In 1966, Charles Kao of STC's Standard Telecommunication Laboratories in Harlow demonstrated that light rather than electricity could be used to transmit speech and (more importantly) data accurately at very high speeds. Again materials technology took time to catch up, but by 1977 a commercial fibre optic link had been installed in England. Within ten years BT abandoned metal cables except at the subscriber's premises. Before STC's demise, its plant at Wednesbury Street, Newport came to dominate the recabling of the UK public telephone system.

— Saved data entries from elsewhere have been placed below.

lemma fun_upd_Suc_eq_single_iff:
  "s(i := Suc (s i)) = (\<lambda>_. 0)(k := Suc a) \<longleftrightarrow> i = k \<and> s = (\<lambda>_. 0)(k := a)"
proof (cases "i = k")
  case False
  then show ?thesis by (metis fun_upd_same fun_upd_other nat.distinct(1))
qed (simp add: fun_upd_Suc_eq_iff)

lemma mon_eval_fun_upd:
  assumes "j < n"
  shows "mon_eval n (s(j := Suc (s j)), t) u = mon_eval n (s, t) u * u j"
    and "mon_eval n (s, t(j := Suc (t j))) u = mon_eval n (s, t) u * cnj (u j)"
  using assms by (simp_all add: mon_eval_def prod.If_cases Int_absorb1 prod.remove ac_simps)

lemma mon_eval_single:
  assumes "k < n"
  shows "mon_eval n ((\<lambda>_. 0)(k := a), (\<lambda>_. 0)(k := b)) u = u k ^ a * cnj (u k) ^ b"
proof -
  have "mon_eval n ((\<lambda>_. 0)(k := a), (\<lambda>_. 0)(k := b)) u
      = (\<Prod>j<n. if j = k then u k ^ a * cnj (u k) ^ b else 1)"
    unfolding mon_eval_def by (rule prod.cong) auto
  then show ?thesis using assms by simp
qed

lemma peval_single: "peval n (\<lambda>m. if m = m0 then c else 0) u = c * mon_eval n m0 u"
proof (cases "c = 0")
  case False
  then have "{m. (if m = m0 then c else 0) \<noteq> 0} = {m0}" by auto
  then show ?thesis unfolding peval_def by simp
qed (simp add: peval_def)

lemma peval_zero: "peval n (\<lambda>_. 0) u = 0"
  by (simp add: peval_def)

lemma peval_superset:
  assumes "finite T" "{m. p m \<noteq> 0} \<subseteq> T"
  shows "peval n p u = (\<Sum>m\<in>T. p m * mon_eval n m u)"
  unfolding peval_def using assms by (intro sum.mono_neutral_left) auto

lemma finite_support_modp:
  "finite {m. p m \<noteq> 0} \<Longrightarrow> finite {m. modp n \<gamma> k p m \<noteq> 0}"
  by (erule rev_finite_subset) (auto simp: modp_def)

lemma sum_vimage_inj:
  assumes "finite S" "inj h" "\<And>x. x \<in> S \<Longrightarrow> x \<notin> range h \<Longrightarrow> f x = 0"
  shows "(\<Sum>x\<in>h -` S. f (h x)) = (\<Sum>x\<in>S. f x)"
proof -
  have "(\<Sum>x\<in>h -` S. f (h x)) = (\<Sum>x\<in>S \<inter> range h. f x)"
    using sum.reindex[OF inj_on_subset[OF assms(2)], of "h -` S" f] by simp
  also have "\<dots> = (\<Sum>x\<in>S. f x)"
    using assms by (intro sum.mono_neutral_left) auto
  finally show ?thesis .
qed

lemma peval_shift_mult:
  assumes fin: "finite {m. p m \<noteq> 0}" and "inj h"
    and q: "\<And>m. q m = w (h m) * p (h m)"
    and mon: "\<And>m. mon_eval n (h m) u = mon_eval n m u * x"
    and outside: "\<And>m. m \<notin> range h \<Longrightarrow> w m = 0"
  shows "peval n q u * x = (\<Sum>m\<in>{m. p m \<noteq> 0}. w m * p m * mon_eval n m u)"
proof -
  have "peval n q u = (\<Sum>m\<in>h -` {m. p m \<noteq> 0}. q m * mon_eval n m u)"
    using fin \<open>inj h\<close> by (intro peval_superset finite_vimageI) (auto simp: q)
  then have "peval n q u * x = (\<Sum>m\<in>h -` {m. p m \<noteq> 0}. w (h m) * p (h m) * mon_eval n (h m) u)"
    by (simp add: sum_distrib_right q mon mult.assoc)
  also have "\<dots> = (\<Sum>m\<in>{m. p m \<noteq> 0}. w m * p m * mon_eval n m u)"
    by (rule sum_vimage_inj[OF fin \<open>inj h\<close>, where f = "\<lambda>m. w m * p m * mon_eval n m u"])
      (simp add: outside)
  finally show ?thesis .
qed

In telephone switching apparatus, STC (New Southgate) was also a major player. In 1971 the company installed a fully digital (PCM) controlled telephone exchange at Moorgate in the City of London. It was a tandem exchange, switching PCM multiplexes between several other exchanges. Until 1980, STC's TXE4 analogue electronic switch was an early replacement for electro-mechanical systems. Before a politically engineered withdrawal in 1982, STC and its (now equally defunct) partners Plessey and GEC, developed the fully digital System X switch which is still in service in the UK as of 2005.

===Decline and sale===
ITT Corporation needed to raise cash to fund continued development of its System 12 telephone switching system and sold off all but a minority shareholding of STC between 1979 and 1982.

With developments in computer technology influencing and stimulating telecoms, the buzzword of the late 1980s became "convergence". An attempt to enter the mainframe computer market with the takeover of ICL led to financial strains. The rationale was the convergence of computing and telecoms but the vision was too early. Almost immediately, STC had financial problems and ICL was ring-fenced to preserve it as a profit centre. By 1991, with an ageing workforce, loss of business from the newly privatised BT, production spread over too many expensive sites and no clear leadership succession to its former chairman, Sir Kenneth Corfield, STC was bought by Canadian company Northern Telecom (Nortel).

==Operations==
The company was based in the United Kingdom but also had an operation in Australia, which was acquired by Alcatel Australia in 1987.